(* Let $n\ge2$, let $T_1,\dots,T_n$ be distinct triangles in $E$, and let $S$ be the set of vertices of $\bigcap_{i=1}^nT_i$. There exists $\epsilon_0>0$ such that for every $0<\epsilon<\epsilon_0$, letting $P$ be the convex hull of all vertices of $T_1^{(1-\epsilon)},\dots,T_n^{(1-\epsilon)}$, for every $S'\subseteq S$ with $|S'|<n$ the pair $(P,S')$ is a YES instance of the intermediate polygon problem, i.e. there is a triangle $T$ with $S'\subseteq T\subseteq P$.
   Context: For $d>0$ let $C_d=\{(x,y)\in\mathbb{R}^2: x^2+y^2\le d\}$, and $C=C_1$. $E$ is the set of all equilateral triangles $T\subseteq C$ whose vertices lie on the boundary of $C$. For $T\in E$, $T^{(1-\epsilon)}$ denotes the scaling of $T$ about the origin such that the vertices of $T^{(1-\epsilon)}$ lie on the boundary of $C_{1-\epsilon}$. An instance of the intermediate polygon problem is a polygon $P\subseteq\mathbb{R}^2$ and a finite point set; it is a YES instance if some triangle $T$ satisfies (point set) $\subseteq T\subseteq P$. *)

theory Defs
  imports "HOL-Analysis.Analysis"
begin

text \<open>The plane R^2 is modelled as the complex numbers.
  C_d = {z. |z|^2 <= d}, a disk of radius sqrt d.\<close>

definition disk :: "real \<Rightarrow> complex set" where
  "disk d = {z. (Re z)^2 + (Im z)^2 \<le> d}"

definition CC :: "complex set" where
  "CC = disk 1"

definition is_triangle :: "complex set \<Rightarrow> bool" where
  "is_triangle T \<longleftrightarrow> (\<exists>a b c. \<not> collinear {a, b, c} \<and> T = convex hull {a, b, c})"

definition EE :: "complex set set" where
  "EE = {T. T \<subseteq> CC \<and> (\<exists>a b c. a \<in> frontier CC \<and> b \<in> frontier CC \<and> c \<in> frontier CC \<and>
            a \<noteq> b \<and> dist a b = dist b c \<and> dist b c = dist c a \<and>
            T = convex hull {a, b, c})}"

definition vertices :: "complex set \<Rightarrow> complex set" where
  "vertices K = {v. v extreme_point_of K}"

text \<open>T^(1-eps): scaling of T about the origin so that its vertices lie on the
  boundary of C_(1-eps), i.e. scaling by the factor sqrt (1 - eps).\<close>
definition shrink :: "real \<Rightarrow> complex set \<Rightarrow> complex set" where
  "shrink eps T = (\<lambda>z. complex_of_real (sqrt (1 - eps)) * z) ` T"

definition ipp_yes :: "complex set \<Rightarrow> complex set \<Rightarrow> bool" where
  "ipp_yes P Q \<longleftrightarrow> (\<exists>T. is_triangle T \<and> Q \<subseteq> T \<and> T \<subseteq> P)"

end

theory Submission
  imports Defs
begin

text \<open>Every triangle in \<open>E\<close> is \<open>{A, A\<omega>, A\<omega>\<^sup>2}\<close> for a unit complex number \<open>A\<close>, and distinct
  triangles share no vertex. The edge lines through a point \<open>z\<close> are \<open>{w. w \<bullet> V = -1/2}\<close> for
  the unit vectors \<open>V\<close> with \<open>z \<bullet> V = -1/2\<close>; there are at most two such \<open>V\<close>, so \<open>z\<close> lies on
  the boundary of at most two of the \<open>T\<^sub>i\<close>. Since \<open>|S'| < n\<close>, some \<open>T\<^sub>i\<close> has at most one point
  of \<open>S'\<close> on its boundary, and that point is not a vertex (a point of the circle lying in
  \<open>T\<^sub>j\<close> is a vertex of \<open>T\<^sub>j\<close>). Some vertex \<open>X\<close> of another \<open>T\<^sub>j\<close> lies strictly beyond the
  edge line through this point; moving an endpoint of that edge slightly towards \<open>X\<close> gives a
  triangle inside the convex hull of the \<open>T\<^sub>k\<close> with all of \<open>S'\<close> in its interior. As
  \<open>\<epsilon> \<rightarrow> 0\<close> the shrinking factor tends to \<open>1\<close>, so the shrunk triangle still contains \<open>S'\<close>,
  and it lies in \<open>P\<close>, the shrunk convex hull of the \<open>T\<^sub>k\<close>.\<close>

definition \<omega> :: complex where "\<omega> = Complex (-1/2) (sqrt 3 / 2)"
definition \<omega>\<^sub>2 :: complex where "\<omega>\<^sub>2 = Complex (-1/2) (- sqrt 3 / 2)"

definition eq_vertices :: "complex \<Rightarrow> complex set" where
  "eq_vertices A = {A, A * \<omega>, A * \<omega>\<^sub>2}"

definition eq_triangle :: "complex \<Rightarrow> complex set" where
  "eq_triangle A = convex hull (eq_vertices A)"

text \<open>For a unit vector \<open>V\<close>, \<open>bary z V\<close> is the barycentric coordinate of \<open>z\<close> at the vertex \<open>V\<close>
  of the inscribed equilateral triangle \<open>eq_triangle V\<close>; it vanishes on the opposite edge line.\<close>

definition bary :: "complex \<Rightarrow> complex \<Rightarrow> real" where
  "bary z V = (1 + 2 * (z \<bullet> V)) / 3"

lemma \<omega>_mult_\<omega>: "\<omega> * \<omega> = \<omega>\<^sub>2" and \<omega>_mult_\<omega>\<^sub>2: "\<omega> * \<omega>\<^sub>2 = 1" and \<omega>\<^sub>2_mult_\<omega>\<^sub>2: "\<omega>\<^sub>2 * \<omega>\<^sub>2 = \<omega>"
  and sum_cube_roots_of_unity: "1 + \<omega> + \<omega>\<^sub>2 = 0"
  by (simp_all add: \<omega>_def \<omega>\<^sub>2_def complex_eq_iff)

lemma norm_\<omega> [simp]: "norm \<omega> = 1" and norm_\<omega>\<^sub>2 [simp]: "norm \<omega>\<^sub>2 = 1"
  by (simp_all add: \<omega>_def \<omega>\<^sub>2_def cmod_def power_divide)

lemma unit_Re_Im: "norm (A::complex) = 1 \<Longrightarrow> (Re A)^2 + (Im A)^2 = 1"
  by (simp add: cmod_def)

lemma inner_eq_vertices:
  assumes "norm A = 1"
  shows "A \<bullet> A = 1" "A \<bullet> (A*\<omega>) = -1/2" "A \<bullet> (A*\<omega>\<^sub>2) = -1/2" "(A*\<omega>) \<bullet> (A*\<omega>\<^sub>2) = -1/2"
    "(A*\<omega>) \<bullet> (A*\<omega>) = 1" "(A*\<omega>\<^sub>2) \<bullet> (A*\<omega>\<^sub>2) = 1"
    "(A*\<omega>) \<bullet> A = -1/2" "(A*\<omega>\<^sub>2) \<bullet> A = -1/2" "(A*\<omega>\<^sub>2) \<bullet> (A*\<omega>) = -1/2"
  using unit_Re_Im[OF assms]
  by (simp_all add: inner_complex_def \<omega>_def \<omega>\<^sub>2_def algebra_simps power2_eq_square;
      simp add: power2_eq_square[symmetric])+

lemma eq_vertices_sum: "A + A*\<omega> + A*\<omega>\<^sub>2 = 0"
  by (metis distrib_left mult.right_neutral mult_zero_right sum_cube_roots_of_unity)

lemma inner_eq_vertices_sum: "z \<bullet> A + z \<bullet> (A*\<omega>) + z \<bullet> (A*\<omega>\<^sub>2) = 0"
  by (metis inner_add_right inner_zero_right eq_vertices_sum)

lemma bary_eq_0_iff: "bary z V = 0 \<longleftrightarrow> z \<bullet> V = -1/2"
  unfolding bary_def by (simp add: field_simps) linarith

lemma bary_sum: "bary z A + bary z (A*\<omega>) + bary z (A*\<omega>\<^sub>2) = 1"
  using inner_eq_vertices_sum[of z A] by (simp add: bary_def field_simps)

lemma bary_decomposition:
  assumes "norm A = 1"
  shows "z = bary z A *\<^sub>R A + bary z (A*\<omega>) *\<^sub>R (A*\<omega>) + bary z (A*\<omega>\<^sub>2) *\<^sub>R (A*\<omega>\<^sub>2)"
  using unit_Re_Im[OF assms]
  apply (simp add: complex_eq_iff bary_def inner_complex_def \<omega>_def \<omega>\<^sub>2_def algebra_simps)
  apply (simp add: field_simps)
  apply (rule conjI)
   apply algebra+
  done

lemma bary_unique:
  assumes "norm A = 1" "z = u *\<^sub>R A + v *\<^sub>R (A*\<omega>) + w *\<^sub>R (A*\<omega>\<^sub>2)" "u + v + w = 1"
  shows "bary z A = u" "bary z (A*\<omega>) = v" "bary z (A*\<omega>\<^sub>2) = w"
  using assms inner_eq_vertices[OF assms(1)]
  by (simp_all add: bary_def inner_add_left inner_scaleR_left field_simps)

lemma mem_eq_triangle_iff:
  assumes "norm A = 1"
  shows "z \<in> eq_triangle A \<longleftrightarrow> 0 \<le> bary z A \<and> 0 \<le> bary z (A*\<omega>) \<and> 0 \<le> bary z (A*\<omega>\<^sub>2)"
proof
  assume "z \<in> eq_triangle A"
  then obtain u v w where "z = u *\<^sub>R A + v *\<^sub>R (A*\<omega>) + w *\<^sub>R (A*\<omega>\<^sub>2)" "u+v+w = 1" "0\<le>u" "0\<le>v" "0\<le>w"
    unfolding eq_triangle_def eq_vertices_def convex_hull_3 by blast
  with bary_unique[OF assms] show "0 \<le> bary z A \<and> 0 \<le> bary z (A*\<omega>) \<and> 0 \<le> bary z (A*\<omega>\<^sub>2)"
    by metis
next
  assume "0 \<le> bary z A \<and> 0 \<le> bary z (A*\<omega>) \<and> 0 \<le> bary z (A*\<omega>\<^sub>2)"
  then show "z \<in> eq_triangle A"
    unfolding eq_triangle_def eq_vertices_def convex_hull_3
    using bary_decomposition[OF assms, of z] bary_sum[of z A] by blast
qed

::::

* Exercise goal
When you reach the line containing "0 \<longleftrightarrow> z" in the data above, start copying exactly, and stop after the line containing "unfolding eq_triangle_def eq_vertices_def convex_hull_3 by".

* Solution to this exercise
lemma bary_eq_0_iff: "bary z V = 0 \<longleftrightarrow> z \<bullet> V = -1/2"
  unfolding bary_def by (simp add: field_simps) linarith

lemma bary_sum: "bary z A + bary z (A*\<omega>) + bary z (A*\<omega>\<^sub>2) = 1"
  using inner_eq_vertices_sum[of z A] by (simp add: bary_def field_simps)

lemma bary_decomposition:
  assumes "norm A = 1"
  shows "z = bary z A *\<^sub>R A + bary z (A*\<omega>) *\<^sub>R (A*\<omega>) + bary z (A*\<omega>\<^sub>2) *\<^sub>R (A*\<omega>\<^sub>2)"
  using unit_Re_Im[OF assms]
  apply (simp add: complex_eq_iff bary_def inner_complex_def \<omega>_def \<omega>\<^sub>2_def algebra_simps)
  apply (simp add: field_simps)
  apply (rule conjI)
   apply algebra+
  done

lemma bary_unique:
  assumes "norm A = 1" "z = u *\<^sub>R A + v *\<^sub>R (A*\<omega>) + w *\<^sub>R (A*\<omega>\<^sub>2)" "u + v + w = 1"
  shows "bary z A = u" "bary z (A*\<omega>) = v" "bary z (A*\<omega>\<^sub>2) = w"
  using assms inner_eq_vertices[OF assms(1)]
  by (simp_all add: bary_def inner_add_left inner_scaleR_left field_simps)

lemma mem_eq_triangle_iff:
  assumes "norm A = 1"
  shows "z \<in> eq_triangle A \<longleftrightarrow> 0 \<le> bary z A \<and> 0 \<le> bary z (A*\<omega>) \<and> 0 \<le> bary z (A*\<omega>\<^sub>2)"
proof
  assume "z \<in> eq_triangle A"
  then obtain u v w where "z = u *\<^sub>R A + v *\<^sub>R (A*\<omega>) + w *\<^sub>R (A*\<omega>\<^sub>2)" "u+v+w = 1" "0\<le>u" "0\<le>v" "0\<le>w"
    unfolding eq_triangle_def eq_vertices_def convex_hull_3 by blast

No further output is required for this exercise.